(Dataset entries)
____________________

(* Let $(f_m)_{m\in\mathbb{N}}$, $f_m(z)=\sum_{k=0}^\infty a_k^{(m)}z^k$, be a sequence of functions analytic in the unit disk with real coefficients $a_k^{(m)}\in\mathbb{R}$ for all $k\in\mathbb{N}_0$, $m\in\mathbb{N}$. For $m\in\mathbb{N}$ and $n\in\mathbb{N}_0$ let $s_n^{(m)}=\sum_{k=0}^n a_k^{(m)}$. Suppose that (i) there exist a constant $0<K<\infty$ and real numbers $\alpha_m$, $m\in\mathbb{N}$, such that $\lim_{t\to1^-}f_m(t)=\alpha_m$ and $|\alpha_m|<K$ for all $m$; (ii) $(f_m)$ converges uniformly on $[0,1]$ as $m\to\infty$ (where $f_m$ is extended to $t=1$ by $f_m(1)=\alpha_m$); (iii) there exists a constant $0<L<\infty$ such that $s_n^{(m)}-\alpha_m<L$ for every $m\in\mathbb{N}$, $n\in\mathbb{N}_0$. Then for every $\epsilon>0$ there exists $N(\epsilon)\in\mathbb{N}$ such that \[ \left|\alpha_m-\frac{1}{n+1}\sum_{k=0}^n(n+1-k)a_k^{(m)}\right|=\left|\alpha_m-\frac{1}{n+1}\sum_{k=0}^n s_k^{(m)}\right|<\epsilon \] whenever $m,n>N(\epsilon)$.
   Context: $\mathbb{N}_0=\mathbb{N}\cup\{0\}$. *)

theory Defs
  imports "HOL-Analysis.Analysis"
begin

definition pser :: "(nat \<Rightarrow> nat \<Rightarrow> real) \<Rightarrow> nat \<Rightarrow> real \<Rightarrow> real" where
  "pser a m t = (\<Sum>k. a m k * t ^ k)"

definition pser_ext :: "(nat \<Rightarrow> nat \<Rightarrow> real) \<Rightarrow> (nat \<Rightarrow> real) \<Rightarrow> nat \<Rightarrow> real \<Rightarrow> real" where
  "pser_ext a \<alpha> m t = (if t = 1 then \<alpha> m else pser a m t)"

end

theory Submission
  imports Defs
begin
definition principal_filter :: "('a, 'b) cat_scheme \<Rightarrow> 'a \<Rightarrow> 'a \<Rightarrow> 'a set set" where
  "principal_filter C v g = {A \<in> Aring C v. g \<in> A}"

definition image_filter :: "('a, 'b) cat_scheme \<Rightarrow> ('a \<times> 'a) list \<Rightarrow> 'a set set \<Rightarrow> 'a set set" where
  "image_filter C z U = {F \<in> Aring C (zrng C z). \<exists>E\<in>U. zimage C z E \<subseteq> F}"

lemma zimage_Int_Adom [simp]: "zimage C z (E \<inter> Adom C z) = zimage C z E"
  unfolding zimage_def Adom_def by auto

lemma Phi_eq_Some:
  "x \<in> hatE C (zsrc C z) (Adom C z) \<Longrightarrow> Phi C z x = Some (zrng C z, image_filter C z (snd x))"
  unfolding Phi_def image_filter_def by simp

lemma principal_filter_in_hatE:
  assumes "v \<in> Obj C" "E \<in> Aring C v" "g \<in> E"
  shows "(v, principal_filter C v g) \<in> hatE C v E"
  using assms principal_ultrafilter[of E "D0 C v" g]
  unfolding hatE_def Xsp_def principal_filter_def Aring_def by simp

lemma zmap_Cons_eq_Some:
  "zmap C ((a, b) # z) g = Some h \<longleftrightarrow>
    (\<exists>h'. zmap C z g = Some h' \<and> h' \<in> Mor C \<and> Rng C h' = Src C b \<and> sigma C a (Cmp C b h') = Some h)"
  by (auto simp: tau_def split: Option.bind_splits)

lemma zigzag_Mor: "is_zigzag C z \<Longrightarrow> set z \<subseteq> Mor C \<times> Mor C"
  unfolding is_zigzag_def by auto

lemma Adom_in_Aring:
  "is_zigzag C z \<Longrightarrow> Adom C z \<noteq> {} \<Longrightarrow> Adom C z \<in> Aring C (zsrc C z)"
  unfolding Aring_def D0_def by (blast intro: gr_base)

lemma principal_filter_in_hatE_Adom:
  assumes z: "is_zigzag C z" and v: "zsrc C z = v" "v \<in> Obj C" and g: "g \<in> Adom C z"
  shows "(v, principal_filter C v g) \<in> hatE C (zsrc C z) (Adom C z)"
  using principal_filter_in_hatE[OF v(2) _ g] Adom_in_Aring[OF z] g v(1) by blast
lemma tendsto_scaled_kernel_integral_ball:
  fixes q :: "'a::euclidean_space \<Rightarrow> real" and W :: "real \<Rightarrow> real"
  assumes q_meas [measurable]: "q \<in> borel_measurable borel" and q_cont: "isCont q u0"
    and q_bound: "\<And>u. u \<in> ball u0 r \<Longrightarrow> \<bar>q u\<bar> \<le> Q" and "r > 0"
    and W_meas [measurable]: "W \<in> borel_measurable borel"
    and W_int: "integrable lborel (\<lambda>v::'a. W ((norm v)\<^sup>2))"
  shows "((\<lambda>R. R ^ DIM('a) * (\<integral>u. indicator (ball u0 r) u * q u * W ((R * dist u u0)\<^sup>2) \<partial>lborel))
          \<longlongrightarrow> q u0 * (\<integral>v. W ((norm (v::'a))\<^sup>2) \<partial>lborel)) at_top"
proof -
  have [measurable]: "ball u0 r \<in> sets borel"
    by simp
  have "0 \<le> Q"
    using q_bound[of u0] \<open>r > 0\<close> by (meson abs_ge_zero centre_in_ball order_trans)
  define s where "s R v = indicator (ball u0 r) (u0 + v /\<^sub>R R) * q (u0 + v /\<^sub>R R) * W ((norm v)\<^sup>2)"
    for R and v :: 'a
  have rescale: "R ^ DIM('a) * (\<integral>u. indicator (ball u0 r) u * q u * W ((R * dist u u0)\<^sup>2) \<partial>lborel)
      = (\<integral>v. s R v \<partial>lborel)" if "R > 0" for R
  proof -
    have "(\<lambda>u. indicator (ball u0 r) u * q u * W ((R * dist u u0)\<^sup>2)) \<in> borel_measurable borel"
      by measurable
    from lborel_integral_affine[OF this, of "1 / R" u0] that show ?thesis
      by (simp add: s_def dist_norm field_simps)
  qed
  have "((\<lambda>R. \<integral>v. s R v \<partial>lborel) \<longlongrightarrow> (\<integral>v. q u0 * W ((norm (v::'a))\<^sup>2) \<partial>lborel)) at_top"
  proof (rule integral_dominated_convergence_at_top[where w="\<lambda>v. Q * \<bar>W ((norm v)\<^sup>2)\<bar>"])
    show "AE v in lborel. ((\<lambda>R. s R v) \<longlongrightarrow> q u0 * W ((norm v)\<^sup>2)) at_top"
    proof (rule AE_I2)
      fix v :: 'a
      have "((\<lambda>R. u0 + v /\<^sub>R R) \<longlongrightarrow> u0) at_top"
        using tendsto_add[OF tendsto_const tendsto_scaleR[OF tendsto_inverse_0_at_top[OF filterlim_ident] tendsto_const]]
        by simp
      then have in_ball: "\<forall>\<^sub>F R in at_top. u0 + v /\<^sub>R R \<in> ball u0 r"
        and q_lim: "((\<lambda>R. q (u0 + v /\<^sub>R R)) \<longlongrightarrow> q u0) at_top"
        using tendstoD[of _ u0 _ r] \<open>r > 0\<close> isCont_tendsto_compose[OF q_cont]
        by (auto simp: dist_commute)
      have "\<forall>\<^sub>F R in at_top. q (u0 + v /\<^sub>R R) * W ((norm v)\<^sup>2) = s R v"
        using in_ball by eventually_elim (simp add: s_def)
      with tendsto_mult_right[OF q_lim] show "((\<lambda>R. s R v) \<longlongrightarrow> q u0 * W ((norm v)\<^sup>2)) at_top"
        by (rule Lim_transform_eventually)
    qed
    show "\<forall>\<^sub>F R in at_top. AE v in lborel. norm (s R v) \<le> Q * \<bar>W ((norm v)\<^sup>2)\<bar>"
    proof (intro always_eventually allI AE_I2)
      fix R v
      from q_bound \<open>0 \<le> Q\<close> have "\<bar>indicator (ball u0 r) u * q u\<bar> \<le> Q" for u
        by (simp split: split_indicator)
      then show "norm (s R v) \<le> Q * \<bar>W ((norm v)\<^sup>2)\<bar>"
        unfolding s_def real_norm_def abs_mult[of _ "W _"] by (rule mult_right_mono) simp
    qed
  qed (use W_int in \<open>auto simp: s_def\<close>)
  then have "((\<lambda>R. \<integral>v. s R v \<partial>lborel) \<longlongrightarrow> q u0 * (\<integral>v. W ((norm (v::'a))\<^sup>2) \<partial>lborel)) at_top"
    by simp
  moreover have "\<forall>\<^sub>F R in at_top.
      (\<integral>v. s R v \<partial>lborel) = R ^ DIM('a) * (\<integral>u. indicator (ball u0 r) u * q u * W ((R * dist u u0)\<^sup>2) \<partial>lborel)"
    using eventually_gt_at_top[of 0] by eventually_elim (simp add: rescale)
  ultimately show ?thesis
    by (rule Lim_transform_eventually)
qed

____________________

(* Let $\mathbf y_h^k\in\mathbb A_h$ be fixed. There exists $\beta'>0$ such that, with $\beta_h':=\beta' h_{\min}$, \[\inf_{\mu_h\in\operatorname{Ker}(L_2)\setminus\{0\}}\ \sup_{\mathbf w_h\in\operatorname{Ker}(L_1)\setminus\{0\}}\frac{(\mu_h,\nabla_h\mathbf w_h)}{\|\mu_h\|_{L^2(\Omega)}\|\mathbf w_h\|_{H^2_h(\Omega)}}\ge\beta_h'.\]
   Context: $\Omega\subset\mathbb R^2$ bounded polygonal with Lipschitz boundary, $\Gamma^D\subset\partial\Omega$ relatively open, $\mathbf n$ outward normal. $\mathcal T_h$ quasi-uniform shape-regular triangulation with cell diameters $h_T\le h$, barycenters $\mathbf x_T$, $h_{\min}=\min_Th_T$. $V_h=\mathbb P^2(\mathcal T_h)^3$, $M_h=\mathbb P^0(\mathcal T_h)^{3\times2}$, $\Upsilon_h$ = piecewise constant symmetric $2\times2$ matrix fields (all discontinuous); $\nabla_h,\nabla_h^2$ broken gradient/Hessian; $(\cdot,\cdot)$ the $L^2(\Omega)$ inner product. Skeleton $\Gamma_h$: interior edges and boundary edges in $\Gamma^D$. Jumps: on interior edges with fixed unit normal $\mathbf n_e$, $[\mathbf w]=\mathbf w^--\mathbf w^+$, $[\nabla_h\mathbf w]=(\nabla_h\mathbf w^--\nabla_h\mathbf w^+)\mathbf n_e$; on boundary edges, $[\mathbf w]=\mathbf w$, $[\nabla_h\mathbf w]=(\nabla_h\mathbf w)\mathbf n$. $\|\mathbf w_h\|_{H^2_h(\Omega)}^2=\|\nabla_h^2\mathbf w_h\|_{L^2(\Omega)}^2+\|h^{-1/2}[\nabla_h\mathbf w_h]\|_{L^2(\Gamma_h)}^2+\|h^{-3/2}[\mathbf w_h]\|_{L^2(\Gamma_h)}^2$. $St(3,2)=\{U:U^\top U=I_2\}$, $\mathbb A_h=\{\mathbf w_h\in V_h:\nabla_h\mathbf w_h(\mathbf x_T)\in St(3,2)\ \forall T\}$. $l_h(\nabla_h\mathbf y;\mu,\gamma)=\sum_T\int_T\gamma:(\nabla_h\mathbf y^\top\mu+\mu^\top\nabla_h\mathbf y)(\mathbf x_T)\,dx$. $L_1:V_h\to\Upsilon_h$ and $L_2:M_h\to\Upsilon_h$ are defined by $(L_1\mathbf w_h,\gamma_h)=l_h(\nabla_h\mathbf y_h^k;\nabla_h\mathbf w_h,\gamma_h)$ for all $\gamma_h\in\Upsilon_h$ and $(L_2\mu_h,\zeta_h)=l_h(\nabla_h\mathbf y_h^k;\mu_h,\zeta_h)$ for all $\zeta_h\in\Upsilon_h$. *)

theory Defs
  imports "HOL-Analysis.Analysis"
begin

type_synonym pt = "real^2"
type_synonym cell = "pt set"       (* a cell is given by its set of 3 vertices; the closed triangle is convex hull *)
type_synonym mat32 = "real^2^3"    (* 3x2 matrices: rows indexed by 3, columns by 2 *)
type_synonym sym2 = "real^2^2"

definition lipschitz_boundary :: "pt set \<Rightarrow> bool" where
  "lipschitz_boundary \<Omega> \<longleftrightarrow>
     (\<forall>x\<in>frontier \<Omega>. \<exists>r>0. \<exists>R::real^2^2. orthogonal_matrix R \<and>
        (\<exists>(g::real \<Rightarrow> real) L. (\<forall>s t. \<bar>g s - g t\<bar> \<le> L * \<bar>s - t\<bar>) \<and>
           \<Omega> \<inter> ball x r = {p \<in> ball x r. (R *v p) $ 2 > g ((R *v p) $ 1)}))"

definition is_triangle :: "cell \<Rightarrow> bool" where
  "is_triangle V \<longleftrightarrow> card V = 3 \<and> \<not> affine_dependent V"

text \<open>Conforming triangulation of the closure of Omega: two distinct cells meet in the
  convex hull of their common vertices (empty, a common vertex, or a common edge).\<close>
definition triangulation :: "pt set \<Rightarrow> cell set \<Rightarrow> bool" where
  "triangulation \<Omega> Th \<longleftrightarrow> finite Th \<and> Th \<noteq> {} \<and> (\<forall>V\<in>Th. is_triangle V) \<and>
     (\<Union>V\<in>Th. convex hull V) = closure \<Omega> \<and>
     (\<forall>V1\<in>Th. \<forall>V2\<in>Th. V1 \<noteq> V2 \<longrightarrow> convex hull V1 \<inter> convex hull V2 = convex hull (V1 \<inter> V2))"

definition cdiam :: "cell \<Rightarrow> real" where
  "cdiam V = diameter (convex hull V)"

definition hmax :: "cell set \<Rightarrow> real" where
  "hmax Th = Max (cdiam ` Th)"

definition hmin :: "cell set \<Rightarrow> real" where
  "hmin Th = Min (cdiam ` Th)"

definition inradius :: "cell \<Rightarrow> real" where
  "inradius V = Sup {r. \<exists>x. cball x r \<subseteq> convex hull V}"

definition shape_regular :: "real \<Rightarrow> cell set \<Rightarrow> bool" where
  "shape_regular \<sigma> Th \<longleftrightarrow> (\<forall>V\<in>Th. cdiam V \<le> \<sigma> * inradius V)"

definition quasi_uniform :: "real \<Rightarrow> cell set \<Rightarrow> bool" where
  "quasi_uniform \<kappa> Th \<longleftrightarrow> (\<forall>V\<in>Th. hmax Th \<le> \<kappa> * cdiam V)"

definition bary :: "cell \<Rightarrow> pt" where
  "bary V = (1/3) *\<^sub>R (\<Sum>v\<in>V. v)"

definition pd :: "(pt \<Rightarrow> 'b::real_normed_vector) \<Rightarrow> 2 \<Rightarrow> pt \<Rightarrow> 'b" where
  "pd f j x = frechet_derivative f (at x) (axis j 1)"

____________________

▶ [Task details]
Please reproduce the lines from the line with "real) \<Rightarrow> (nat" to the line with "(\<exists>h'. zmap C", both ends included, exactly as they appear above.

▶ [Final answer]
definition pser_ext :: "(nat \<Rightarrow> nat \<Rightarrow> real) \<Rightarrow> (nat \<Rightarrow> real) \<Rightarrow> nat \<Rightarrow> real \<Rightarrow> real" where
  "pser_ext a \<alpha> m t = (if t = 1 then \<alpha> m else pser a m t)"

end

theory Submission
  imports Defs
begin
definition principal_filter :: "('a, 'b) cat_scheme \<Rightarrow> 'a \<Rightarrow> 'a \<Rightarrow> 'a set set" where
  "principal_filter C v g = {A \<in> Aring C v. g \<in> A}"

definition image_filter :: "('a, 'b) cat_scheme \<Rightarrow> ('a \<times> 'a) list \<Rightarrow> 'a set set \<Rightarrow> 'a set set" where
  "image_filter C z U = {F \<in> Aring C (zrng C z). \<exists>E\<in>U. zimage C z E \<subseteq> F}"

lemma zimage_Int_Adom [simp]: "zimage C z (E \<inter> Adom C z) = zimage C z E"
  unfolding zimage_def Adom_def by auto

lemma Phi_eq_Some:
  "x \<in> hatE C (zsrc C z) (Adom C z) \<Longrightarrow> Phi C z x = Some (zrng C z, image_filter C z (snd x))"
  unfolding Phi_def image_filter_def by simp

lemma principal_filter_in_hatE:
  assumes "v \<in> Obj C" "E \<in> Aring C v" "g \<in> E"
  shows "(v, principal_filter C v g) \<in> hatE C v E"
  using assms principal_ultrafilter[of E "D0 C v" g]
  unfolding hatE_def Xsp_def principal_filter_def Aring_def by simp

lemma zmap_Cons_eq_Some:
  "zmap C ((a, b) # z) g = Some h \<longleftrightarrow>
    (\<exists>h'. zmap C z g = Some h' \<and> h' \<in> Mor C \<and> Rng C h' = Src C b \<and> sigma C a (Cmp C b h') = Some h)"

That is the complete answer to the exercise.